● Task description
Every line containing the word "empty" must be pulled from the records.

- - -

(* Let $n=2k+1$ be odd with $k\ge1$, $\theta=\frac{2\pi}{n+2}$, and for $L>0$ let $\mathcal{N}^{(L)}=\{(\ell_j,r_j): j\in[1:n]\}$ be given by $\ell_n=L$, $r_n=1$, and $$\ell_{2i-1}=\ell_{2i}=\frac{2\sin\theta\,\sin(i\theta)}{\cos(i\theta)-\cos((i+1)\theta)},\qquad r_{2i-1}=r_{2i}=\frac{2\sin\theta\,\sin(i\theta)}{\cos((i-1)\theta)-\cos(i\theta)},\qquad i\in[1:k].$$ Then $\mathsf{C}_1(\mathcal{N}_j)=1$ for all $j\in[1:n-1]$, $\mathsf{C}_1(\mathcal{N}^{(L)})=1$ for every $L>0$, $\mathsf{C}_n(\mathcal{N}^{(L)})\le r_1=2+2\cos\theta$ for every $L>0$, and $\lim_{L\to\infty}\mathsf{C}_n(\mathcal{N}^{(L)})=2+2\cos\theta$. Hence $\lim_{L\to\infty}\frac{\mathsf{C}_1(\mathcal{N}^{(L)})}{\mathsf{C}_n(\mathcal{N}^{(L)})}=\frac{1}{2+2\cos\left(\frac{2\pi}{n+2}\right)}$.
   Context: For a network $\mathcal{N}=\{(\ell_i,r_i): i\in[1:n]\}$ with nonnegative link capacities, with complements inside $[1:n]$ and maxima over empty sets equal to $0$, the approximate capacity is $\mathsf{C}_n(\mathcal{N})=\max_{\boldsymbol\lambda}\min_{\Omega\subseteq[1:n]}\sum_{\mathcal{S}\subseteq[1:n]}\lambda_{\mathcal{S}}\big(\max_{i\in\mathcal{S}^c\cap\Omega^c}\ell_i+\max_{i\in\mathcal{S}\cap\Omega}r_i\big)$, the maximum being over schedules $\boldsymbol\lambda=(\lambda_{\mathcal{S}})_{\mathcal{S}\subseteq[1:n]}$, $\lambda_{\mathcal{S}}\ge0$, $\sum_{\mathcal{S}}\lambda_{\mathcal{S}}=1$. $\mathsf{C}_1(\mathcal{N}_i)=\frac{\ell_ir_i}{\ell_i+r_i}$ and $\mathsf{C}_1(\mathcal{N})=\max_i\mathsf{C}_1(\mathcal{N}_i)$. *)

theory Defs
  imports "HOL-Analysis.Analysis"
begin

definition maxz :: "real set \<Rightarrow> real" where
  "maxz A = (if A = {} then 0 else Max A)"

text \<open>A network on [1:n] is given by link capacities l, r :: nat \<Rightarrow> real (only indices 1..n matter).
  A schedule assigns a weight to every subset of [1:n].\<close>
definition schedule :: "nat \<Rightarrow> (nat set \<Rightarrow> real) \<Rightarrow> bool" where
  "schedule n lam \<longleftrightarrow> (\<forall>S\<in>Pow {1..n}. lam S \<ge> 0) \<and> (\<Sum>S\<in>Pow {1..n}. lam S) = 1"

definition cut_value ::
  "nat \<Rightarrow> (nat \<Rightarrow> real) \<Rightarrow> (nat \<Rightarrow> real) \<Rightarrow> (nat set \<Rightarrow> real) \<Rightarrow> nat set \<Rightarrow> real" where
  "cut_value n l r lam \<Omega> =
     (\<Sum>S\<in>Pow {1..n}. lam S *
        (maxz (l ` (({1..n} - S) \<inter> ({1..n} - \<Omega>))) + maxz (r ` (S \<inter> \<Omega>))))"

text \<open>Approximate capacity C_n: max over schedules of min over cuts (the max is attained,
  so it equals the supremum used here).\<close>
definition Cn :: "nat \<Rightarrow> (nat \<Rightarrow> real) \<Rightarrow> (nat \<Rightarrow> real) \<Rightarrow> real" where
  "Cn n l r = Sup {Min ((\<lambda>\<Omega>. cut_value n l r lam \<Omega>) ` Pow {1..n}) | lam. schedule n lam}"

definition C1_link :: "real \<Rightarrow> real \<Rightarrow> real" where
  "C1_link a b = a * b / (a + b)"

definition C1 :: "nat \<Rightarrow> (nat \<Rightarrow> real) \<Rightarrow> (nat \<Rightarrow> real) \<Rightarrow> real" where
  "C1 n l r = Max ((\<lambda>i. C1_link (l i) (r i)) ` {1..n})"

text \<open>The network N^(L) with n = 2k+1, theta = 2 pi/(n+2); for j in [1:n-1], i = (j+1) div 2
  (so j = 2i-1 or j = 2i).\<close>
definition thetaN :: "nat \<Rightarrow> real" where
  "thetaN k = 2 * pi / (real (2*k+1) + 2)"

definition netL :: "nat \<Rightarrow> real \<Rightarrow> nat \<Rightarrow> real" where
  "netL k L j = (if j = 2*k+1 then L else
     (let \<theta> = thetaN k; i = real ((j+1) div 2) in
       2 * sin \<theta> * sin (i*\<theta>) / (cos (i*\<theta>) - cos ((i+1)*\<theta>))))"

definition netR :: "nat \<Rightarrow> nat \<Rightarrow> real" where
  "netR k j = (if j = 2*k+1 then 1 else
     (let \<theta> = thetaN k; i = real ((j+1) div 2) in
       2 * sin \<theta> * sin (i*\<theta>) / (cos ((i-1)*\<theta>) - cos (i*\<theta>))))"

end

theory Submission
  imports Defs "HOL-Real_Asymp.Real_Asymp"
begin

text \<open>Write \<open>l i\<close>, \<open>r i\<close> for the capacities of the relay pair \<open>i\<close> (links \<open>2i-1\<close> and \<open>2i\<close>) and
  \<open>\<rho> = 2 + 2 cos \<theta>\<close>. The capacities are chosen so that \<open>l (i-1) + r i = \<rho>\<close> (with \<open>l 0 = 0\<close>),
  \<open>C\<^sub>1 (l i, r i) = 1\<close>, and \<open>r (k+1) = 1\<close> matches the direct link \<open>n\<close>; thus \<open>r 1 = \<rho>\<close>.
  For the upper bound, the cut \<open>\<Omega> = [1:n]\<close> costs every schedule at most \<open>max r = \<rho>\<close>.
  For the lower bound, put weight \<open>(1 - d)/2\<close> on the state of odd links, the same on the state of
  even links together with \<open>n\<close>, and \<open>d = \<rho> / L\<close> on the empty state. A cut avoiding \<open>n\<close> pays
  \<open>d L = \<rho>\<close> in the empty state. A cut containing \<open>n\<close> contains a first link of the odd chain
  \<open>1, 3, \<dots>, n\<close>, and of the even chain \<open>2, 4, \<dots>, 2k, n\<close>; its predecessor in the chain lies outside
  the cut and outside the other state, so the two relay states together pay \<open>l (i-1) + r i = \<rho>\<close>
  per chain. Hence \<open>\<rho> - \<rho>\<^sup>2 / L \<le> C\<^sub>n \<le> \<rho>\<close>.\<close>

section \<open>Relay capacities\<close>

lemma sin_sum_div_cos_diff:
  fixes x t :: real
  assumes "cos x \<noteq> cos (x + t)"
  shows "2 * sin t * (sin x + sin (x + t)) / (cos x - cos (x + t)) = 2 + 2 * cos t"
proof -
  have "2 * sin t * (sin x + sin (x + t)) = (2 + 2 * cos t) * (cos x - cos (x + t))"
    using sin_cos_squared_add[of t] unfolding sin_add cos_add by algebra
  then show ?thesis using assms by simp
qed

lemma C1_link_divide:
  assumes "0 < a" "0 < b" "0 < s"
  shows "C1_link (s / a) (s / b) = s / (a + b)"
proof -
  have "a * s + b * s \<noteq> 0" using assms by (metis add_pos_pos mult_pos_pos less_irrefl)
  then show ?thesis using assms by (simp add: C1_link_def field_simps)
qed

definition lcap :: "real \<Rightarrow> nat \<Rightarrow> real" where
  "lcap \<theta> i = 2 * sin \<theta> * sin (real i * \<theta>) / (cos (real i * \<theta>) - cos ((real i + 1) * \<theta>))"

definition rcap :: "real \<Rightarrow> nat \<Rightarrow> real" where
  "rcap \<theta> i = 2 * sin \<theta> * sin (real i * \<theta>) / (cos ((real i - 1) * \<theta>) - cos (real i * \<theta>))"

lemma lcap_0 [simp]: "lcap \<theta> 0 = 0"
  by (simp add: lcap_def)

lemma lcap_add_rcap_Suc:
  assumes "cos (real i * \<theta>) \<noteq> cos ((real i + 1) * \<theta>)"
  shows "lcap \<theta> i + rcap \<theta> (Suc i) = 2 + 2 * cos \<theta>"
proof -
  let ?x = "real i * \<theta>"
  have "lcap \<theta> i + rcap \<theta> (Suc i) = 2 * sin \<theta> * (sin ?x + sin (?x + \<theta>)) / (cos ?x - cos (?x + \<theta>))"
  proof -
    have "(real (Suc i) - 1) * \<theta> = ?x" "real (Suc i) * \<theta> = ?x + \<theta>" "(real i + 1) * \<theta> = ?x + \<theta>"
      by (simp_all add: distrib_right)
    then show ?thesis unfolding lcap_def rcap_def by (simp add: add_divide_distrib distrib_left)
  qed
  also have "\<dots> = 2 + 2 * cos \<theta>"
    using assms by (intro sin_sum_div_cos_diff) (simp add: distrib_right)
  finally show ?thesis .
qed

lemma rcap_1:
  assumes "cos \<theta> \<noteq> 1"
  shows "rcap \<theta> 1 = 2 + 2 * cos \<theta>"
  using lcap_add_rcap_Suc[of 0 \<theta>] assms by simp

lemma cos_mult_less:
  assumes "0 < \<theta>" "i < j" "real j * \<theta> \<le> pi"
  shows "cos (real j * \<theta>) < cos (real i * \<theta>)"
  using assms by (intro cos_monotone_0_pi) auto

lemma sin_mult_pos:
  assumes "0 < \<theta>" "1 \<le> j" "j \<le> i" "real i * \<theta> < pi"
  shows "0 < sin (real j * \<theta>)"
proof (rule sin_gt_zero)
  have "real j * \<theta> \<le> real i * \<theta>"
    using assms by (intro mult_right_mono) auto
  then show "real j * \<theta> < pi" using assms by linarith
qed (use assms in simp)

lemma lcap_nonneg:
  assumes "0 < \<theta>" "real (Suc i) * \<theta> \<le> pi"
  shows "0 \<le> lcap \<theta> i"
proof (cases "i = 0")
  case False
  have "real i * \<theta> < pi"
    using assms by (simp add: distrib_right)
  then have "0 < sin \<theta>" "0 < sin (real i * \<theta>)"
    using assms False sin_mult_pos[of \<theta> 1 i] sin_mult_pos[of \<theta> i i] by simp_all
  moreover have "cos ((real i + 1) * \<theta>) < cos (real i * \<theta>)"
    using cos_mult_less[of \<theta> i "Suc i"] assms by (simp add: add.commute)
  ultimately show ?thesis unfolding lcap_def by simp
qed simp

lemma rcap_pos:
  assumes "0 < \<theta>" "1 \<le> i" "real i * \<theta> < pi"
  shows "0 < rcap \<theta> i"
proof -
  have "0 < sin \<theta>" "0 < sin (real i * \<theta>)"
    using assms sin_mult_pos[of \<theta> 1 i] sin_mult_pos[of \<theta> i i] by simp_all
  moreover have "cos (real i * \<theta>) < cos ((real i - 1) * \<theta>)"
    using cos_mult_less[of \<theta> "i - 1" i] assms by (simp add: of_nat_diff)
  ultimately show ?thesis unfolding rcap_def by simp
qed

lemma rcap_le:
  assumes "0 < \<theta>" "1 \<le> i" "real i * \<theta> \<le> pi"
  shows "rcap \<theta> i \<le> 2 + 2 * cos \<theta>"
proof -
  have i: "Suc (i - 1) = i" using assms by simp
  have "cos (real i * \<theta>) < cos (real (i - 1) * \<theta>)"
    using cos_mult_less[of \<theta> "i - 1" i] assms by simp
  then have "lcap \<theta> (i - 1) + rcap \<theta> i = 2 + 2 * cos \<theta>"
    using lcap_add_rcap_Suc[of "i - 1" \<theta>] assms by (simp add: i of_nat_diff)
  moreover have "0 \<le> lcap \<theta> (i - 1)"
    using lcap_nonneg[of \<theta> "i - 1"] assms by (simp add: i)
  ultimately show ?thesis by linarith
qed

lemma C1_link_lcap_rcap:
  assumes "0 < \<theta>" "1 \<le> i" "real (Suc i) * \<theta> \<le> pi"
  shows "C1_link (lcap \<theta> i) (rcap \<theta> i) = 1"
proof -
  define s where "s = 2 * sin \<theta> * sin (real i * \<theta>)"
  define a where "a = cos (real i * \<theta>) - cos ((real i + 1) * \<theta>)"
  define b where "b = cos ((real i - 1) * \<theta>) - cos (real i * \<theta>)"
  have "real i * \<theta> \<le> pi"
    using assms by (simp add: distrib_right)
  then have "0 < b"
    using cos_mult_less[of \<theta> "i - 1" i] assms by (simp add: b_def of_nat_diff)
  moreover have "0 < a"
    using cos_mult_less[of \<theta> i "Suc i"] assms by (simp add: a_def add.commute)
  moreover have "a + b = s"
    using sin_times_sin[of "real i * \<theta>" \<theta>] by (simp add: a_def b_def s_def algebra_simps)
  ultimately have "C1_link (s / a) (s / b) = 1"
    by (simp add: C1_link_divide)
  then show ?thesis by (simp add: lcap_def rcap_def s_def a_def b_def)
qed

lemma thetaN_pos: "0 < thetaN k"
  by (simp add: thetaN_def)

lemma thetaN_eq: "(2 * real k + 3) * thetaN k = 2 * pi"
  by (simp add: thetaN_def add.commute)

lemma mult_thetaN_less_pi:
  assumes "i \<le> Suc k"
  shows "real i * thetaN k < pi"
proof -
  have "real i * thetaN k \<le> real (Suc k) * thetaN k"
    using assms thetaN_pos[of k] by (intro mult_right_mono) auto
  also have "\<dots> < pi"
    using thetaN_eq[of k] thetaN_pos[of k] by (simp add: algebra_simps)
  finally show ?thesis .
qed

lemma rcap_thetaN_Suc: "rcap (thetaN k) (Suc k) = 1"
proof -
  let ?\<theta> = "thetaN k" and ?x = "real (Suc k) * thetaN k"
  have "cos (?x + ?\<theta>) = cos ?x"
  proof -
    have "?x + ?\<theta> = 2 * pi - ?x"
      using thetaN_eq[of k] by (simp add: algebra_simps)
    then show ?thesis by (metis cos_2pi_minus)
  qed
  then have "cos (real k * ?\<theta>) - cos ?x = 2 * sin ?x * sin ?\<theta>"
    using sin_times_sin[of ?x ?\<theta>] by (simp add: algebra_simps)
  moreover have "0 < sin ?\<theta>" "0 < sin ?x"
    using sin_mult_pos[of ?\<theta> 1 "Suc k"] sin_mult_pos[of ?\<theta> "Suc k" "Suc k"]
      thetaN_pos[of k] mult_thetaN_less_pi[of "Suc k" k] by simp_all
  ultimately show ?thesis by (simp add: rcap_def)
qed

lemma lcap_add_rcap_thetaN:
  assumes "1 \<le> i" "i \<le> Suc k"
  shows "lcap (thetaN k) (i - 1) + rcap (thetaN k) i = 2 + 2 * cos (thetaN k)"
proof -
  have "cos (real i * thetaN k) < cos (real (i - 1) * thetaN k)"
    using cos_mult_less[of "thetaN k" "i - 1" i] assms thetaN_pos[of k]
      mult_thetaN_less_pi[of i k] by simp
  then show ?thesis
    using lcap_add_rcap_Suc[of "i - 1" "thetaN k"] assms by (simp add: of_nat_diff)
qed

section \<open>Cut values of schedules\<close>

lemma maxz_upper: "finite A \<Longrightarrow> x \<in> A \<Longrightarrow> x \<le> maxz A"
  by (auto simp: maxz_def)

lemma maxz_nonneg: "finite A \<Longrightarrow> (\<And>x. x \<in> A \<Longrightarrow> 0 \<le> x) \<Longrightarrow> 0 \<le> maxz A"
  by (auto simp: maxz_def Max_ge_iff)

lemma maxz_least: "finite A \<Longrightarrow> (\<And>x. x \<in> A \<Longrightarrow> x \<le> c) \<Longrightarrow> 0 \<le> c \<Longrightarrow> maxz A \<le> c"
  by (auto simp: maxz_def)

definition state_cut :: "nat \<Rightarrow> (nat \<Rightarrow> real) \<Rightarrow> (nat \<Rightarrow> real) \<Rightarrow> nat set \<Rightarrow> nat set \<Rightarrow> real" where
  "state_cut n l r S \<Omega> = maxz (l ` (({1..n} - S) \<inter> ({1..n} - \<Omega>))) + maxz (r ` (S \<inter> \<Omega>))"

lemma cut_value_eq_sum_state_cut:
  "cut_value n l r lam \<Omega> = (\<Sum>S\<in>Pow {1..n}. lam S * state_cut n l r S \<Omega>)"
  by (simp add: cut_value_def state_cut_def)

lemma state_cut_nonneg:
  assumes "\<And>i. i \<in> {1..n} \<Longrightarrow> 0 \<le> l i" "\<And>i. i \<in> {1..n} \<Longrightarrow> 0 \<le> r i" "S \<subseteq> {1..n}"
  shows "0 \<le> state_cut n l r S \<Omega>"
proof -
  have "finite (S \<inter> \<Omega>)" using assms(3) finite_subset by blast
  then show ?thesis unfolding state_cut_def using assms
    by (intro add_nonneg_nonneg maxz_nonneg) auto
qed

lemma schedule_point_mass: "schedule n (\<lambda>S. if S = {} then 1 else 0)"
  by (simp add: schedule_def)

- - -

● Your solution
   Context: For a network $\mathcal{N}=\{(\ell_i,r_i): i\in[1:n]\}$ with nonnegative link capacities, with complements inside $[1:n]$ and maxima over empty sets equal to $0$, the approximate capacity is $\mathsf{C}_n(\mathcal{N})=\max_{\boldsymbol\lambda}\min_{\Omega\subseteq[1:n]}\sum_{\mathcal{S}\subseteq[1:n]}\lambda_{\mathcal{S}}\big(\max_{i\in\mathcal{S}^c\cap\Omega^c}\ell_i+\max_{i\in\mathcal{S}\cap\Omega}r_i\big)$, the maximum being over schedules $\boldsymbol\lambda=(\lambda_{\mathcal{S}})_{\mathcal{S}\subseteq[1:n]}$, $\lambda_{\mathcal{S}}\ge0$, $\sum_{\mathcal{S}}\lambda_{\mathcal{S}}=1$. $\mathsf{C}_1(\mathcal{N}_i)=\frac{\ell_ir_i}{\ell_i+r_i}$ and $\mathsf{C}_1(\mathcal{N})=\max_i\mathsf{C}_1(\mathcal{N}_i)$. *)
  even links together with \<open>n\<close>, and \<open>d = \<rho> / L\<close> on the empty state. A cut avoiding \<open>n\<close> pays
  \<open>d L = \<rho>\<close> in the empty state. A cut containing \<open>n\<close> contains a first link of the odd chain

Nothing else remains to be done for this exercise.